The company stated it produced 23% more nickel in matte and delivered 29% more nickel in matte to its customers in the third quarter compared to the second quarter of 2012, from 16,534 tons to 21,345 tons.
PT Vale also produced 49,411 tons of nickel in matte during the first nine months of 2012. In the same period, the company shipped 50,611 tons of nickel in matte, which was slightly lower than the deliveries for the first nine months of 2011, while its average realized price for the third quarter of 2012 was US$12,570 per ton, which was 9% lower than the 2Q12 average realized price. Even with the decline in price, the Company recorded 17% higher sales in 3Q12 than in 2Q12 because of the higher volume of nickel in matte deliveries.
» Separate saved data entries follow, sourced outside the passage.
(* Let $q>r\geq 1$ and $N\geq 1$ be integers. Then: (1) $f_{q,r}(N)\geq f_{q-t,r-t}(N)$ and $g_{q,r}(N)\geq g_{q-t,r-t}(N)$ for all integers $0\leq t<r$; (2) $f_{q,r}(N)\geq f_{q/d,r/d}(N)$ and $g_{q,r}(N)\geq g_{q/d,r/d}(N)$ for every positive integer $d$ dividing $\gcd(q,r)$; (3) if $p=\lfloor \frac{q}{q-r}\rfloor\geq 2$, then $f_{q,r}(N)\geq f_{p,p-1}(N)$ and $g_{q,r}(N)\geq g_{p,p-1}(N)$.
   Context: Colors are from $[q]$; path length means number of vertices. For a $q$-edge-colored complete graph $K$ on $[N]$ with its natural order, $f_{q,r}(K)$ is the maximum length of a monotone path (vertices strictly increasing) in $K$ using at most $r$ colors, and $f_{q,r}(N)$ is the minimum of $f_{q,r}(K)$ over all such $K$ on $N$ vertices. For a $q$-edge-colored tournament $T$ (orientation of a complete graph), $g_{q,r}(T)$ is the maximum length of a directed path in $T$ whose edges receive at most $r$ colors, and $g_{q,r}(N)$ is the minimum of $g_{q,r}(T)$ over all $q$-edge-colored $N$-vertex tournaments $T$. *)

theory Defs
  imports Main
begin

(* Vertex set [N] = {1..N}. An edge {i,j} with i<j of the complete graph gets colour c i j. *)
definition edge_coloring :: "nat \<Rightarrow> nat \<Rightarrow> (nat \<Rightarrow> nat \<Rightarrow> nat) \<Rightarrow> bool" where
  "edge_coloring q N c \<longleftrightarrow> (\<forall>i j. 1 \<le> i \<and> i < j \<and> j \<le> N \<longrightarrow> c i j \<in> {1..q})"

definition path_colors :: "(nat \<Rightarrow> nat \<Rightarrow> nat) \<Rightarrow> nat list \<Rightarrow> nat set" where
  "path_colors c vs = {c (vs ! i) (vs ! Suc i) | i. Suc i < length vs}"

definition monotone_path :: "nat \<Rightarrow> nat list \<Rightarrow> bool" where
  "monotone_path N vs \<longleftrightarrow> vs \<noteq> [] \<and> sorted_wrt (<) vs \<and> set vs \<subseteq> {1..N}"

(* f_{q,r}(K): longest monotone path (number of vertices) using at most r colours *)
definition fK :: "nat \<Rightarrow> nat \<Rightarrow> (nat \<Rightarrow> nat \<Rightarrow> nat) \<Rightarrow> nat" where
  "fK r N c = Max {length vs | vs. monotone_path N vs \<and> card (path_colors c vs) \<le> r}"

definition f :: "nat \<Rightarrow> nat \<Rightarrow> nat \<Rightarrow> nat" where
  "f q r N = Min {fK r N c | c. edge_coloring q N c}"

(* tournament on {1..N}: T i j means the arc i -> j *)
definition tournament :: "nat \<Rightarrow> (nat \<Rightarrow> nat \<Rightarrow> bool) \<Rightarrow> bool" where
  "tournament N T \<longleftrightarrow> (\<forall>i j. T i j \<longrightarrow> i \<in> {1..N} \<and> j \<in> {1..N}) \<and>
     (\<forall>i\<in>{1..N}. \<not> T i i) \<and>
     (\<forall>i\<in>{1..N}. \<forall>j\<in>{1..N}. i \<noteq> j \<longrightarrow> (T i j \<longleftrightarrow> \<not> T j i))"

definition arc_coloring :: "nat \<Rightarrow> (nat \<Rightarrow> nat \<Rightarrow> bool) \<Rightarrow> (nat \<Rightarrow> nat \<Rightarrow> nat) \<Rightarrow> bool" where
  "arc_coloring q T c \<longleftrightarrow> (\<forall>i j. T i j \<longrightarrow> c i j \<in> {1..q})"

definition directed_path :: "nat \<Rightarrow> (nat \<Rightarrow> nat \<Rightarrow> bool) \<Rightarrow> nat list \<Rightarrow> bool" where
  "directed_path N T vs \<longleftrightarrow> vs \<noteq> [] \<and> distinct vs \<and> set vs \<subseteq> {1..N} \<and>
     (\<forall>i. Suc i < length vs \<longrightarrow> T (vs ! i) (vs ! Suc i))"

definition gT :: "nat \<Rightarrow> nat \<Rightarrow> (nat \<Rightarrow> nat \<Rightarrow> bool) \<Rightarrow> (nat \<Rightarrow> nat \<Rightarrow> nat) \<Rightarrow> nat" where
  "gT r N T c = Max {length vs | vs. directed_path N T vs \<and> card (path_colors c vs) \<le> r}"

definition g :: "nat \<Rightarrow> nat \<Rightarrow> nat \<Rightarrow> nat" where
  "g q r N = Min {gT r N T c | T c. tournament N T \<and> arc_coloring q T c}"

end

theory Submission
  imports Defs
begin

(* Merging colours by a map \<phi> from [q] to [q'] turns every q-colouring into a q'-colouring of the
   same ordered complete graph or tournament. If every set of at most r' merged colours has at
   most r preimages, a path using at most r' colours after merging used at most r colours before,
   so f q' r' N \<le> f q r N and g q' r' N \<le> g q r N. Part (1) merges the colours 1, ..., t+1;
   part (2) merges consecutive blocks of d colours; part (3) merges consecutive blocks of q - r
   colours, the leftover colours joining the last of the p = q div (q - r) blocks: a set of p - 1
   merged colours misses a whole block, so it has at most q - (q - r) = r preimages. This also
   works for p = 1. *)

definition recoloring :: "nat \<Rightarrow> nat \<Rightarrow> nat \<Rightarrow> nat \<Rightarrow> (nat \<Rightarrow> nat) \<Rightarrow> bool" where
  "recoloring q r q' r' \<phi> \<longleftrightarrow> \<phi> ` {1..q} \<subseteq> {1..q'} \<and>
     (\<forall>S. S \<subseteq> {1..q'} \<and> card S \<le> r' \<longrightarrow> card {x \<in> {1..q}. \<phi> x \<in> S} \<le> r)"

lemma recoloring_card_le:
  assumes "recoloring q r q' r' \<phi>" and "A \<subseteq> {1..q}" and "card (\<phi> ` A) \<le> r'"
  shows "card A \<le> r"
proof -
  have "\<phi> ` A \<subseteq> {1..q'}" using assms(1,2) unfolding recoloring_def by blast
  then have "card {x \<in> {1..q}. \<phi> x \<in> \<phi> ` A} \<le> r"
    using assms(1,3) unfolding recoloring_def by blast
  moreover have "card A \<le> card {x \<in> {1..q}. \<phi> x \<in> \<phi> ` A}"
    using assms(2) by (intro card_mono) auto
  ultimately show ?thesis by linarith
qed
"The average price of nickel in matte realized by the company for the first nine months of 2012 was 29% lower than the average price achieved in the same period of 2011, resulting from 31% lower sales in the period compared to the corresponding period in 2011," the company said.
Although Vale sold 17 percent more nickel in matte in Q3, its total cost of goods sold (COGS) increased only by 3% compared to the the previous quarter. This is mainly related to higher operation efficiency and lower prices for fuel and consumables, in which Vale consumed 670,143 barrels of High Sulphur Fuel Oil (HSFO) at an average cost of US$107.49 per barrel compared to 554,226 barrels at an average cost of US$116.33 per barrel in the previous quarter.
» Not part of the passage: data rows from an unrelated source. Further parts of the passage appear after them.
lemma is_partition_relabel:
  assumes "inj g" "is_partition X P"
  shows "is_partition (g ` X) (relabel g P)"
  unfolding is_partition_def
proof (intro conjI ballI impI)
  show "\<Union> (relabel g P) = g ` X"
    using assms(2) image_Union[of g P] unfolding is_partition_def relabel_def by simp
next
  fix c' assume "c' \<in> relabel g P"
  then show "c' \<noteq> {}" using assms(2) unfolding is_partition_def relabel_def by auto
next
  fix c' d' assume "c' \<in> relabel g P" "d' \<in> relabel g P" "c' \<noteq> d'"
  then obtain c d where "c \<in> P" "d \<in> P" "c \<noteq> d" "c' = g ` c" "d' = g ` d"
    unfolding relabel_def by blast
  then show "c' \<inter> d' = {}"
    using assms(2) image_Int[OF assms(1), of c d] unfolding is_partition_def by auto
qed

lemma relabel_P33:
  assumes "g permutes {1..9}" "P \<in> P33"
  shows "relabel g P \<in> P33"
proof -
  have inj: "inj g" using permutes_inj[OF assms(1)] .
  have "is_partition (g ` {1..9}) (relabel g P)"
    using is_partition_relabel[OF inj] assms(2) unfolding P33_def by blast
  moreover have "card (relabel g P) = 3"
    using assms(2) card_relabel[OF inj] unfolding P33_def by simp
  moreover have "\<forall>c\<in>relabel g P. card c = 3"
    using assms(2) inj_on_subset[OF inj] unfolding P33_def relabel_def by (auto simp: card_image)
  ultimately show ?thesis unfolding P33_def using permutes_image[OF assms(1)] by simp
qed

lemma relabel_image_P33:
  assumes "g permutes {1..9}"
  shows "relabel g ` P33 = P33"
proof
  show "relabel g ` P33 \<subseteq> P33" using relabel_P33[OF assms] by blast
  show "P33 \<subseteq> relabel g ` P33"
  proof
    fix \<sigma> assume "\<sigma> \<in> P33"
    then have "relabel (inv g) \<sigma> \<in> P33" using relabel_P33[OF permutes_inv[OF assms]] by blast
    moreover have "relabel g (relabel (inv g) \<sigma>) = \<sigma>"
      unfolding relabel_comp permutes_inv_o(1)[OF assms] by (simp add: relabel_def)
    ultimately show "\<sigma> \<in> relabel g ` P33" by (metis image_eqI)
  qed
qed

lemma independent33_relabel:
  assumes "g permutes {1..9}" "independent33 S"
  shows "independent33 (relabel g ` S)"
  using assms relabel_P33[OF assms(1)] adj33_relabel[OF permutes_inj[OF assms(1)]]
  unfolding independent33_def by auto

lemma partition_relabel_exists:
  assumes P: "is_partition X P" and Q: "is_partition Y Q" and \<phi>: "bij_betw \<phi> P Q"
    and cards: "\<And>c. c \<in> P \<Longrightarrow> finite c \<and> card (\<phi> c) = card c"
  shows "\<exists>g. bij_betw g X Y \<and> relabel g P = Q"
proof -
  have "\<exists>h. bij_betw h c (\<phi> c)" if "c \<in> P" for c
  proof -
    have "c \<noteq> {}" using P that unfolding is_partition_def by blast
    then have "finite (\<phi> c)" using cards[OF that] card_ge_0_finite by fastforce
    then show ?thesis using finite_same_card_bij cards[OF that] by metis
  qed
  then obtain h where h: "\<And>c. c \<in> P \<Longrightarrow> bij_betw (h c) c (\<phi> c)" by metis
  define g where "g x = h (cell_of P x) x" for x
  have g: "bij_betw g c (\<phi> c)" if "c \<in> P" for c
    using h[OF that]
    by (rule bij_betw_cong[THEN iffD1, rotated]) (simp add: g_def cell_of_eq[OF P that])
  have "disjoint_family_on \<phi> P"
    unfolding disjoint_family_on_def
  proof (intro ballI impI)
    fix c d assume "c \<in> P" "d \<in> P" "c \<noteq> d"
    then have "\<phi> c \<noteq> \<phi> d" "\<phi> c \<in> Q" "\<phi> d \<in> Q"
      using \<phi> unfolding bij_betw_def inj_on_def by auto
    then show "\<phi> c \<inter> \<phi> d = {}" using Q unfolding is_partition_def by blast
  qed
  then have "bij_betw g (\<Union>c\<in>P. c) (\<Union>c\<in>P. \<phi> c)" using g by (rule bij_betw_UNION_disjoint)
  moreover have "(\<Union>c\<in>P. c) = X" "(\<Union>c\<in>P. \<phi> c) = Y"
    using P Q bij_betw_imp_surj_on[OF \<phi>] unfolding is_partition_def by auto
  moreover have "relabel g P = Q"
    using bij_betw_imp_surj_on[OF g] bij_betw_imp_surj_on[OF \<phi>] unfolding relabel_def
    by (metis (no_types, lifting) image_cong)
  ultimately show ?thesis by auto
qed

lemma P33_relabel_transitive:
  assumes "P \<in> P33" "Q \<in> P33"
  shows "\<exists>g. g permutes {1..9} \<and> relabel g P = Q"
proof -
  have P: "is_partition {1..9} P" "card P = 3" "\<And>c. c \<in> P \<Longrightarrow> card c = 3"
    and Q: "is_partition {1..9} Q" "card Q = 3" "\<And>d. d \<in> Q \<Longrightarrow> card d = 3"
    using assms unfolding P33_def by auto
  obtain \<phi> where \<phi>: "bij_betw \<phi> P Q"
    using finite_same_card_bij[of P Q] P(2) Q(2) card_ge_0_finite by fastforce
  have "\<And>c. c \<in> P \<Longrightarrow> finite c \<and> card (\<phi> c) = card c"
    using P(3) Q(3) bij_betwE[OF \<phi>] card_ge_0_finite by fastforce
  then obtain g where g: "bij_betw g {1..9} {1..9}" "relabel g P = Q"
    using partition_relabel_exists[OF P(1) Q(1) \<phi>] by blast
  define g' where "g' x = (if x \<in> {1..9} then g x else x)" for x :: nat
  have "bij_betw g' {1..9} {1..9}"
    using g(1) bij_betw_cong[of "{1..9}" g' g "{1..9}"] by (simp add: g'_def)
  then have "g' permutes {1..9}" by (rule bij_imp_permutes) (auto simp: g'_def)
  moreover have "relabel g' P = relabel g P"
    unfolding relabel_def g'_def using P(1) unfolding is_partition_def
    by (intro image_cong refl) auto
  ultimately show ?thesis using g(2) by auto
qed

section \<open>Double counting in a graph\<close>

lemma sum_card_related_swap:
  assumes "finite A" "finite B"
  shows "(\<Sum>a\<in>A. card {b \<in> B. R a b}) = (\<Sum>b\<in>B. card {a \<in> A. R a b})"
proof -
  have "card {b \<in> B. R a b} = (\<Sum>b\<in>B. if R a b then 1 else 0)" for a
    using sum.inter_filter[OF assms(2), of "\<lambda>_. 1::nat"] by simp
  moreover have "card {a \<in> A. R a b} = (\<Sum>a\<in>A. if R a b then 1 else 0)" for b
    using sum.inter_filter[OF assms(1), of "\<lambda>_. 1::nat"] by simp
  ultimately show ?thesis using sum.swap by simp
qed

lemma sum_if_eq_mult_card:
  assumes "finite A"
  shows "(\<Sum>x\<in>A. if P x then c else 0) = c * card {x \<in> A. P x}"
  using sum.inter_filter[OF assms, of "\<lambda>_. c" P] by (simp add: mult.commute)

lemma card_independent_in_triangle_union:
  fixes R :: "'a \<Rightarrow> 'a \<Rightarrow> bool"
  assumes "finite N" and "symp R"
    and triangle: "\<And>x. x \<in> N \<Longrightarrow> \<exists>y z. {w \<in> N. R x w} = {y, z} \<and> y \<noteq> z \<and> R y z"
    and "A \<subseteq> N" and indep: "\<And>x y. x \<in> A \<Longrightarrow> y \<in> A \<Longrightarrow> \<not> R x y"
  shows "3 * card A \<le> card N"
proof -
  define C where "C x = insert x {w \<in> N. R x w}" for x
  have C_sub: "C x \<subseteq> N" if "x \<in> A" for x using that \<open>A \<subseteq> N\<close> unfolding C_def by blast
  have card_C: "card (C x) = 3" if "x \<in> A" for x
  proof -
    have "x \<in> N" using that \<open>A \<subseteq> N\<close> by blast
    then obtain y z where yz: "{w \<in> N. R x w} = {y, z}" "y \<noteq> z" using triangle by blast
    then have "R x y" "R x z" by (auto simp: set_eq_iff)
    then have "x \<noteq> y" "x \<noteq> z" using indep[OF that that] by auto
    then show ?thesis unfolding C_def yz(1) using yz(2) by simp
  qed
  have disjoint: "C x \<inter> C x' = {}" if "x \<in> A" "x' \<in> A" "x \<noteq> x'" for x x'
  proof (rule ccontr)
    have no_edge: "\<not> R x x'" "\<not> R x' x" using indep that by blast+
    assume "C x \<inter> C x' \<noteq> {}"
    then obtain w where w: "w \<in> C x" "w \<in> C x'" by blast
    show False
    proof (cases "w = x \<or> w = x'")
      case True
      then show False using w no_edge \<open>x \<noteq> x'\<close> unfolding C_def by auto
    next
      case False
      then have "w \<in> N" "R x w" "R x' w" using w unfolding C_def by auto
      then have "R w x" "R w x'" using \<open>symp R\<close> by (auto dest: sympD)
      obtain y z where yz: "{v \<in> N. R w v} = {y, z}" "R y z" using triangle[OF \<open>w \<in> N\<close>] by blast
      have "x \<in> {y, z}" "x' \<in> {y, z}"
        using \<open>R w x\<close> \<open>R w x'\<close> that(1,2) \<open>A \<subseteq> N\<close> unfolding yz(1)[symmetric] by auto
      then have "R x x' \<or> R x' x" using yz(2) \<open>x \<noteq> x'\<close> by auto
      then show False using no_edge by blast
    qed
  qed
  have "finite A" using \<open>A \<subseteq> N\<close> \<open>finite N\<close> finite_subset by blast
  have finite_C: "finite (C x)" if "x \<in> A" for x
    using C_sub[OF that] \<open>finite N\<close> finite_subset by blast
  have "card (\<Union>x\<in>A. C x) = (\<Sum>x\<in>A. card (C x))"
    by (rule card_UN_disjoint[OF \<open>finite A\<close>]) (simp_all add: finite_C disjoint)
  also have "\<dots> = 3 * card A" using card_C by simp
  finally have "3 * card A = card (\<Union>x\<in>A. C x)" ..
  also have "\<dots> \<le> card N" using C_sub by (intro card_mono[OF \<open>finite N\<close>]) blast
  finally show ?thesis .
qed

lemma card_related_eq_if_tight:
  fixes R :: "'a \<Rightarrow> 'a \<Rightarrow> bool"
  assumes "finite V" "S \<subseteq> V"
    and indep: "\<And>\<sigma> \<tau>. \<sigma> \<in> S \<Longrightarrow> \<tau> \<in> S \<Longrightarrow> \<not> R \<tau> \<sigma>"
    and degree: "\<And>\<sigma>. \<sigma> \<in> S \<Longrightarrow> card {\<tau> \<in> V. R \<tau> \<sigma>} = d"
    and bound: "\<And>\<tau>. \<tau> \<in> V \<Longrightarrow> card {\<sigma> \<in> S. R \<tau> \<sigma>} \<le> k"
    and tight: "card S * d = card (V - S) * k"
    and "\<tau> \<in> V - S"
  shows "card {\<sigma> \<in> S. R \<tau> \<sigma>} = k"
proof -
  let ?f = "\<lambda>\<tau>. card {\<sigma> \<in> S. R \<tau> \<sigma>}"
  have "finite S" using assms(1,2) finite_subset by blast
  have "(\<Sum>\<tau>\<in>V. ?f \<tau>) = (\<Sum>\<sigma>\<in>S. card {\<tau> \<in> V. R \<tau> \<sigma>})"
    by (rule sum_card_related_swap[OF assms(1) \<open>finite S\<close>])
  also have "\<dots> = card S * d" using degree by simp
  finally have total: "(\<Sum>\<tau>\<in>V. ?f \<tau>) = card S * d" .
  have "(\<Sum>\<tau>\<in>S. ?f \<tau>) = 0" using indep \<open>finite S\<close> by simp
  then have "(\<Sum>\<tau>\<in>V - S. ?f \<tau>) = (\<Sum>\<tau>\<in>V - S. k)"
    using total tight sum.subset_diff[OF assms(2,1), of ?f] by simp
  then show ?thesis
    using sum_mono_inv[of ?f "V - S" "\<lambda>_. k"] bound assms(1,7) by auto
qed

section \<open>Enumerating the partitions\<close>

fun choose2 :: "'a list \<Rightarrow> 'a list list" where
  "choose2 [] = []"
| "choose2 (a # r) = map (\<lambda>b. [a, b]) r @ choose2 r"

lemma choose2_complete:
  "distinct r \<Longrightarrow> A \<subseteq> set r \<Longrightarrow> card A = 2 \<Longrightarrow> \<exists>s\<in>set (choose2 r). set s = A"
proof (induction r arbitrary: A)
  case Nil
  then show ?case by simp
next
  case (Cons a r)
  show ?case
  proof (cases "a \<in> A")
    case True
    then obtain b where "A = {a, b}" "a \<noteq> b"
      using Cons.prems(3) by (metis card_2_iff insert_commute insertE singletonD)
    then have "[a, b] \<in> set (choose2 (a # r))" "set [a, b] = A" using Cons.prems(2) by auto
    then show ?thesis by blast
  next
    case False
    then have "A \<subseteq> set r" using Cons.prems(2) by auto
    then obtain s where "s \<in> set (choose2 r)" "set s = A" using Cons.IH Cons.prems(1,3) by auto
    then show ?thesis by auto
  qed
qed

function triple_partitions :: "'a list \<Rightarrow> 'a list list list" where
  "triple_partitions [] = [[]]"
| "triple_partitions (m # r) =
     concat (map (\<lambda>s. map ((#) (m # s)) (triple_partitions (filter (\<lambda>x. x \<notin> set s) r)))
       (choose2 r))"
  by pat_completeness auto
termination by (relation "measure length") (auto simp: le_imp_less_Suc)

definition partition_of :: "'a list list \<Rightarrow> 'a set set" where
  "partition_of p = set ` set p"

lemma triple_partitions_complete:
  "distinct xs \<Longrightarrow> is_partition (set xs) P \<Longrightarrow> \<forall>c\<in>P. card c = 3 \<Longrightarrow>
    P \<in> partition_of ` set (triple_partitions xs)"
proof (induction xs arbitrary: P rule: triple_partitions.induct)
  case 1
  then have "P = {}" unfolding is_partition_def by auto
  then show ?case by (simp add: partition_of_def)
next
  case (2 m r)
  have "m \<in> \<Union>P" using "2.prems"(2) unfolding is_partition_def by simp
  then obtain c where c: "c \<in> P" "m \<in> c" by blast
  have "c \<subseteq> insert m (set r)" using c(1) "2.prems"(2) unfolding is_partition_def by auto
  moreover have "card c = 3" "m \<notin> set r" "distinct r" using c(1) "2.prems"(1,3) by auto
  ultimately have "c - {m} \<subseteq> set r" "card (c - {m}) = 2" using c(2) by auto
  then obtain s where s: "s \<in> set (choose2 r)" "set s = c - {m}"
    using choose2_complete \<open>distinct r\<close> by blast
  have rest: "set (filter (\<lambda>x. x \<notin> set s) r) = insert m (set r) - c"
    using s(2) c(2) \<open>m \<notin> set r\<close> by auto
  have "is_partition (set (filter (\<lambda>x. x \<notin> set s) r)) (P - {c})"
    unfolding rest using is_partition_remove_cell[OF "2.prems"(2) c(1)] by simp
  moreover have "distinct (filter (\<lambda>x. x \<notin> set s) r)" using \<open>distinct r\<close> by simp
  moreover have "\<forall>d\<in>P - {c}. card d = 3" using "2.prems"(3) by blast
  ultimately have "P - {c} \<in> partition_of ` set (triple_partitions (filter (\<lambda>x. x \<notin> set s) r))"
    using "2.IH"[OF s(1)] by blast
  then obtain p' where p': "p' \<in> set (triple_partitions (filter (\<lambda>x. x \<notin> set s) r))"
      "partition_of p' = P - {c}"
    by blast
  have "(m # s) # p' \<in> set (triple_partitions (m # r))" using s(1) p'(1) by auto
  moreover have "set (m # s) = c" using s(2) c(2) by auto
  then have "partition_of ((m # s) # p') = insert c (P - {c})"
    using p'(2) unfolding partition_of_def by simp
  ultimately show ?case using c(1) by (metis image_eqI insert_Diff)
qed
In 3Q12, the Company also used 13,854 kilolitres of diesel fuel at an average cost of US$0.85 per litre while in 2Q12 it consumed 13,222 kilolitres at an average cost of US$0.90 per litre.
The COGS for the first nine months of 2012 was US$596 million compared to US$532 million in the first nine months of 2011. The 12 % increase is mainly related to services and contracts and employment costs. Earnings before interest, taxes, depreciation and amortization (EBITDA) totaled US$59.7 million in 3Q, compared to US$30.9 million in 2Q. Higher EBITDA recorded in 3Q12 than in 2Q12 was due to increased deliveries to customers and lower costs per metric ton partially offset by a lower average realized price during the period. EBITDA achieved in the first nine months of 2012 was 75% lower than in the same period of 2011, mainly due to a lower average realized price.
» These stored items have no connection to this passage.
lemma pam_valid_escape_sections:
  assumes l: "0 < l" "l < 1" and M: "1 / (1 - l) < M" and N: "N \<noteq> 0"
  shows "pam_valid (escape_sections l M N)"
proof -
  let ?U = "of_rat (1 / (1 - l)) :: real" and ?M = "of_rat M :: real"
  have "(1 :: rat) \<le> 1 / (1 - l)" using l by simp
  then have "of_rat 1 \<le> ?U" by (simp only: of_rat_less_eq)
  moreover have "?U < ?M" using M by (simp only: of_rat_less)
  ultimately have "1 \<le> ?U" "?U < ?M" by simp_all
  then have U: "x < 1 \<Longrightarrow> x \<le> ?U" "x \<le> ?U \<Longrightarrow> x < ?M" for x :: real by linarith+
  define idx where "idx x = (if x < 0 then 0 else if x < 1 then 1 else if x \<le> ?U then 2
    else if x < ?M then 3 else if x < ?M + 1 then 4 else 5 :: nat)" for x
  have idx: "x \<in> sec_set (escape_sections l M N ! i) \<longleftrightarrow> i = idx x" if "i < 6" for i x
  proof -
    have "i = 0 \<or> i = 1 \<or> i = 2 \<or> i = 3 \<or> i = 4 \<or> i = 5" using that by auto
    then show ?thesis
      by (elim disjE) (auto simp: escape_sections_def sec_set_def idx_def of_rat_add dest: U)
  qed
  have length: "length (escape_sections l M N) = 6" by (simp add: escape_sections_def)
  have "idx x < 6" for x by (simp add: idx_def)
  then have "x \<in> sec_set (escape_sections l M N ! idx x)"
    and "escape_sections l M N ! idx x \<in> set (escape_sections l M N)"
    for x using idx length by simp_all
  then have cover: "(\<Union>s\<in>set (escape_sections l M N). sec_set s) = UNIV" by blast
  have disjoint: "sec_set (escape_sections l M N ! i) \<inter> sec_set (escape_sections l M N ! j) = {}"
    if "i < 6" "j < 6" "i \<noteq> j" for i j
    using idx[OF that(1)] idx[OF that(2)] that(3) by auto
  have slopes: "\<forall>s\<in>set (escape_sections l M N). fst (snd (snd s)) \<noteq> 0"
    using l N by (simp add: escape_sections_def)
  show ?thesis
    unfolding pam_valid_def length using cover disjoint slopes by blast
qed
The company recorded earnings of US$23.4 million in 3Q (US$0.0024 per share) compared to US$1.7 million (US$0.0002 per share) achieved in 2Q. Meanwhile, earnings for the nine month period ended September 30, 2012 and 2011 were US$28.9 million and US$319.9 million, respectively.
Vale?s cash and cash equivalents as of September 30, 2012 and June 30, 2012 were US$171.7 million and US$138.5 million respectively.
In 3Q, the company spent another US$31 million in capital expenditures, primarily for the sustainability of operation and the Dryer Coal Conversion Project (CCP), which is to improve cost efficiency. Construction of the Dryer CCP is on schedule to be and is expected to be completed at the end of 2012 and commissioned in the first quarter of 2013.
"We believe that the 3Q12 operational performance can still be improved based on the progress of the Operational and Maintenance Improvement Program (OMIP) and other initiatives. PT Vale is also aiming higher production targets in the next quarters," the company said, adding that it plans to increase its production capacity to 120,000 tons per year in the long term.